The International Monetary Fund (IMF) has declared New Zealand’s banking system to be resilient, but nevertheless recommended ways to improve the strength of the country’s financial sector and the regulatory framework.
In releasing the findings from its Financial Sector Assessment Programme (FSAP) overnight, the IMF said that the banking system is well-placed to manage risks and vulnerabilities associated with current developments in the housing sector, the high level of household debt, and low dairy prices. The FSAP included a range of ‘stress tests’ of the large New Zealand banks.
The report states that New Zealand has a good institutional framework for macroprudential policy and that LVR restrictions have generated financial stability benefits, although it could be strengthened further.
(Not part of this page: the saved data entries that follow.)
(* Let $f:\mathbb{R}^n\to\mathbb{R}$ and $a:\mathbb{R}^n\to\mathbb{R}^m$ be twice differentiable on $\mathbb{R}^n$, with parameters $\beta_1\in(0,1)$, $\beta_2\in(0,1)$, $\beta_3\in(\beta_2,1)$, $\beta_4\in(0,1)$, tolerances $\epsilon_{\mathrm{opt}}\in(0,\infty)$, $\epsilon_{\mathrm{far}},\epsilon_{\mathrm{inf}},\epsilon_{\mathrm{unbd}}\in(0,1)$, and $w\in\mathbb{R}^m$, $w\ge0$. Then, started from a point satisfying condition (C), the Simplified One-Phase Algorithm (Algorithm 1) terminates after a finite number of calls to the aggressive step procedure (Algorithm 2); i.e., it cannot make infinitely many calls to Algorithm 2.
   Context: Problem: minimize $f(x)$ subject to $a(x)\le0$. Notation: $e$ all-ones vector, $S=\mathrm{diag}(s)$, $Y=\mathrm{diag}(y)$, $\nabla a(x)$ the $m\times n$ Jacobian. Definitions: $\mathcal{L}_\mu(x,y)=f(x)+(y-\mu\beta_1e)^Ta(x)$; $\psi_\mu(x)=f(x)-\mu\sum_i(\beta_1a_i(x)+\log(\mu w_i-a_i(x)))$; $\phi_\mu(x,s,y)=\psi_\mu(x)+\|Sy-\mu e\|_\infty^3/\mu^2$; $\sigma(y)=100/\max\{100,\|y\|_\infty\}$; $\mathcal{M}=\nabla^2_{xx}\mathcal{L}_\mu(x,y)+\nabla a(x)^TYS^{-1}\nabla a(x)$. Condition (C): $(x,s,y,\mu)\in\mathbb{R}^n\times\mathbb{R}^m_{++}\times\mathbb{R}^m_{++}\times\mathbb{R}_{++}$, $s_iy_i/\mu\in[\beta_2,1/\beta_2]$ for all $i$, $a(x)+s=\mu w$. Termination: (T1) $\sigma(y)\|\nabla_x\mathcal{L}_0(x,y)\|_\infty\le\epsilon_{\mathrm{opt}}$, $\sigma(y)\|Sy\|_\infty\le\epsilon_{\mathrm{opt}}$, $\|a(x)+s\|_\infty\le\epsilon_{\mathrm{opt}}$; (T2) $a(x)^Ty>0$, $\|\nabla a(x)^Ty\|_1/(a(x)^Ty)\le\epsilon_{\mathrm{far}}$, $(\|\nabla a(x)^Ty\|_1+s^Ty)/\|y\|_1\le\epsilon_{\mathrm{inf}}$; (T3) $\|x\|_\infty\ge1/\epsilon_{\mathrm{unbd}}$. Aggressive criterion (A): $\sigma(y)\|\nabla_x\mathcal{L}_\mu(x,y)\|_\infty\le\mu$; $\|\nabla_x\mathcal{L}_\mu(x,y)\|_1\le\|\nabla f(x)-\beta_1\mu\nabla a(x)^Te\|_1+s^Ty$; $s_iy_i/\mu\in[\beta_3,1/\beta_3]$ for all $i$. Direction for $\gamma\in[0,1]$ and $\delta\ge0$ with $\mathcal{M}+\delta I\succ0$: $b_D=\nabla_x\mathcal{L}_{\gamma\mu}(x,y)$, $b_P=(1-\gamma)\mu w$, $b_C=Ys-\gamma\mu e$; $(\mathcal{M}+\delta I)d_x=-(b_D+\nabla a(x)^TS^{-1}(Yb_P-b_C))$; $d_y=-S^{-1}Y(\nabla a(x)d_x+b_P-Y^{-1}b_C)$. Update: $\mu^+=(1-(1-\gamma)\alpha_P)\mu$, $x^+=x+\alpha_Pd_x$, $s^+=\mu^+w-a(x^+)$, $y^+=y+\alpha_Dd_y$; admissible if $s^+,y^+,\mu^+>0$ and $s^+_iy^+_i/\mu^+\in[\beta_2,1/\beta_2]$ for all $i$. $\theta(\mu,s)=\min\{1/2,\frac{\beta_3-\beta_2}{2\beta_3\mu}\min_{i:w_i>0}s_i/w_i\}$. Algorithm 2 (aggressive step, given $\delta$): direction with $\gamma=0$; largest $\alpha_P\in[0,\min\{1/2,\mu\}]$ with the update admissible for some $\alpha_D\in[0,1]$; then the largest admissible $\alpha_D$; success iff $\alpha_P\ge\theta(\mu,s)$. Algorithm 3 (stabilization step, given $\delta$): direction with $\gamma=1$; largest $\alpha_P=\alpha_D\in[0,1]$ with the update admissible and $\phi_\mu(x^+,s^+,y^+)\le\phi_\mu(x,s,y)+\alpha_P\beta_4(\tfrac12(\nabla\psi_\mu(x)^Td_x-\tfrac\delta2\alpha_P\|d_x\|^2)-\|Sy-\mu e\|_\infty^3/\mu^2)$. Algorithm 1: input $x^0$, $\mu^0,s^0,y^0>0$ with $a(x^0)+s^0=\mu^0w$ and $s^0_iy^0_i/\mu^0\in[\beta_2,1/\beta_2]$. Each iteration: if (T1), (T2) or (T3) holds at the current point, terminate; set $\delta_{\min}=\max\{0,\mu-2\lambda_{\min}(\mathcal{M})\}$; if (A) holds: if $\delta_{\min}=0$ run Algorithm 2 with $\delta=0$ and accept its point if it succeeds; otherwise (or if $\delta_{\min}>0$) run Algorithm 2 with $\delta$ large enough that it succeeds and accept its point; if (A) fails, run Algorithm 3 with $\delta=\delta_{\min}$ and accept its point. *)

theory Defs
  imports "HOL-Analysis.Analysis"
begin

text \<open>Problem data: objective f with gradient and Hessian, constraint map a with
Jacobian (m x n matrix, rows are gradients of a_i) and constraint Hessians.\<close>
record ('n::finite, 'm::finite) problem =
  obj   :: "real^'n \<Rightarrow> real"
  grad  :: "real^'n \<Rightarrow> real^'n"
  hess  :: "real^'n \<Rightarrow> real^'n^'n"
  con   :: "real^'n \<Rightarrow> real^'m"
  jac   :: "real^'n \<Rightarrow> real^'n^'m"
  chess :: "'m \<Rightarrow> real^'n \<Rightarrow> real^'n^'n"

record ('m::finite) params =
  beta1 :: real
  beta2 :: real
  beta3 :: real
  beta4 :: real
  wv    :: "real^'m"
  eps_opt  :: real
  eps_far  :: real
  eps_inf  :: real
  eps_unbd :: real

type_synonym ('n,'m) state = "(real^'n) \<times> (real^'m) \<times> (real^'m) \<times> real"

definition ones :: "real^'m::finite" where "ones = (\<chi> i. 1)"

definition diagm :: "real^'m::finite \<Rightarrow> real^'m^'m" where
  "diagm v = (\<chi> i j. if i = j then v$i else 0)"

definition linf :: "real^'m::finite \<Rightarrow> real" where
  "linf v = Max (range (\<lambda>i. \<bar>v$i\<bar>))"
They also recognise a number of important positive features about the Reserve Bank’s supervisory framework, including the strong Trans-Tasman relationships.
Recommendations for improvements include increasing the intensity of supervision for both the banking and insurance sectors, within the Reserve Bank’s “three-pillar” approach to prudential regulation that is based on self, market and regulatory discipline.
The IMF has endorsed the Reserve Bank’s current legislative proposal to improve the regulation and oversight of financial market infrastructures, as well as the importance of reviewing the bank capital framework.
The Reserve Bank is considering the FSAP findings and recommendations in its areas of responsibility and the degree to which these might further its statutory purpose of promoting a sound and efficient financial system.
A forthcoming article in the Reserve Bank Bulletin will explain the 2016 FSAP process and its findings and recommendations in more detail.